What guardrails are you designing to prevent the misuse of GenAI applications?
Have your applied “red hat” thinking to explore how to best prevent malicious use, such as generating misleading information or harmful content. How does your design ensure it is only used ethically and responsibly?
How will we ensure users’ data privacy while utilizing GenAI?
GenAI applications often rely on people sharing personal data to create tailored results. Is your design transparent about both the data being collected and how it’s used? Does your design allow people to control their data? And even remove it from the system?
What elements are you adding to your design to help people feel secure in sharing their data with your AI system?
Trust is built through transparency, so it's important to ask what steps you are taking to provide people with clear and comprehensive insight to exactly how their data will be used, stored, or shared before it's shared.
How can we design effective onboarding experiences for users unfamiliar with GenAI?
Provide clear instructions, tutorials, or in-context help that guide users in understanding how to leverage the AI’s capabilities without feeling overwhelmed.
What educational tools or tutorials should we build to help users understand the limits and potential of GenAI?
Help users grasp what the AI can and can’t do, reducing frustration and setting appropriate expectations.
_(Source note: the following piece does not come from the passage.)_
(* Let $(H,e)$ be a unital Hilbert space, $X=S(\mathfrak c_e)=\{\overline{\eta_0+e}:\eta_0\in H^e_h,\|\eta_0\|\le1\}\subseteq\overline H$ equipped with the weak$^*$ topology (a compact Hausdorff space), and let $\mu$ be a unital measure on $X$. Let $\iota:H\to L^2(X,\mu)$ be $\iota(\zeta)(t)=\langle\zeta,t\rangle$, and let $P$ be the orthogonal projection of $L^2(X,\mu)$ onto the closure of $\iota(H)$. Then $\iota$ is a Hilbert–Schmidt operator with $\|\iota\|_2\le\sqrt2$, $\iota(e)=1$, $\iota(\zeta^* )=\overline{\iota(\zeta)}$, $\iota(\{\zeta_0\in H^e_h:\|\zeta_0\|\le1\})\subseteq\{\eta\in L^2(X,\mu)_h: \eta\perp1,\|\eta\|_2\le1\}$, and $\iota(\mathfrak c_e)\subseteq L^2(X,\mu)_+$; $P$ is a unital positive projection; and the Hilbert space adjoint $\iota^*:L^2(X,\mu)\to H$ is a unital positive map, i.e. $\iota^*(1)=e$ and $\iota^*(L^2(X,\mu)_+)\subseteq\mathfrak c_e$.
   Context: A Hilbert $*$-space is a complex Hilbert space (inner product linear in the first variable) with a conjugate-linear $\zeta\mapsto\zeta^*$, $\zeta^{**}=\zeta$, $(\zeta^*,\eta^* )=\overline{(\zeta,\eta)}$. A unital Hilbert space $(H,e)$ has a fixed hermitian unit vector $e$; $H^e=\{e\}^\perp$, $H^e_h$ its hermitian part; cone $\mathfrak c_e=\{\zeta\in H_h:\|\zeta\|\le\sqrt2(\zeta,e)\}$. $\overline H$ is the conjugate Hilbert space, paired with $H$ by $\langle\zeta,\bar\eta\rangle=(\zeta,\eta)$; $X$ is the set of states of $\mathfrak c_e$ (linear functionals $\sigma$ with $\sigma(e)=1$, $\sigma(\mathfrak c_e)\ge0$), all of which have the displayed form. A unital measure on $X$ is a probability Radon measure $\mu$ on $X$ with $\int_X\langle\zeta,t\rangle\,d\mu(t)=(\zeta,e)$ for all $\zeta\in H$. $L^2(X,\mu)$ is a unital Hilbert space with involution complex conjugation and unit $1$, with cone $L^2(X,\mu)_+=\{\eta\text{ real}:\|\eta-\int\eta\,d\mu\|_2\le\int\eta\,d\mu\}$. A linear map between unital Hilbert spaces is unital positive if it maps unit to unit and cone into cone. *)

theory Defs
  imports "HOL-Analysis.Analysis" "HOL-Probability.Probability"
begin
Metrics and Success Criteria
Design leaders should ask these questions to prepare for the unique challenges of creating GenAI driven user experiences. But these questions are not “one and done”, these should be tracked continually throughout the development process. Transparency, trust, ethical design, empowerment, augmentation, and automation will all continually evolve as both the capabilities and pervasiveness of the technology expands. It’s important that you put key performance indicators (KPIs) in place to allow you and your team to track your progress against these questions. It is also important to track both the functional impact (productivity, efficiency) your designs have as well as the emotional (trust, satisfaction, enjoyment, and anxiety) your design has on the people using your GenAI solution. So the final question is simply that: How are you tracking your progress in addressing these questions?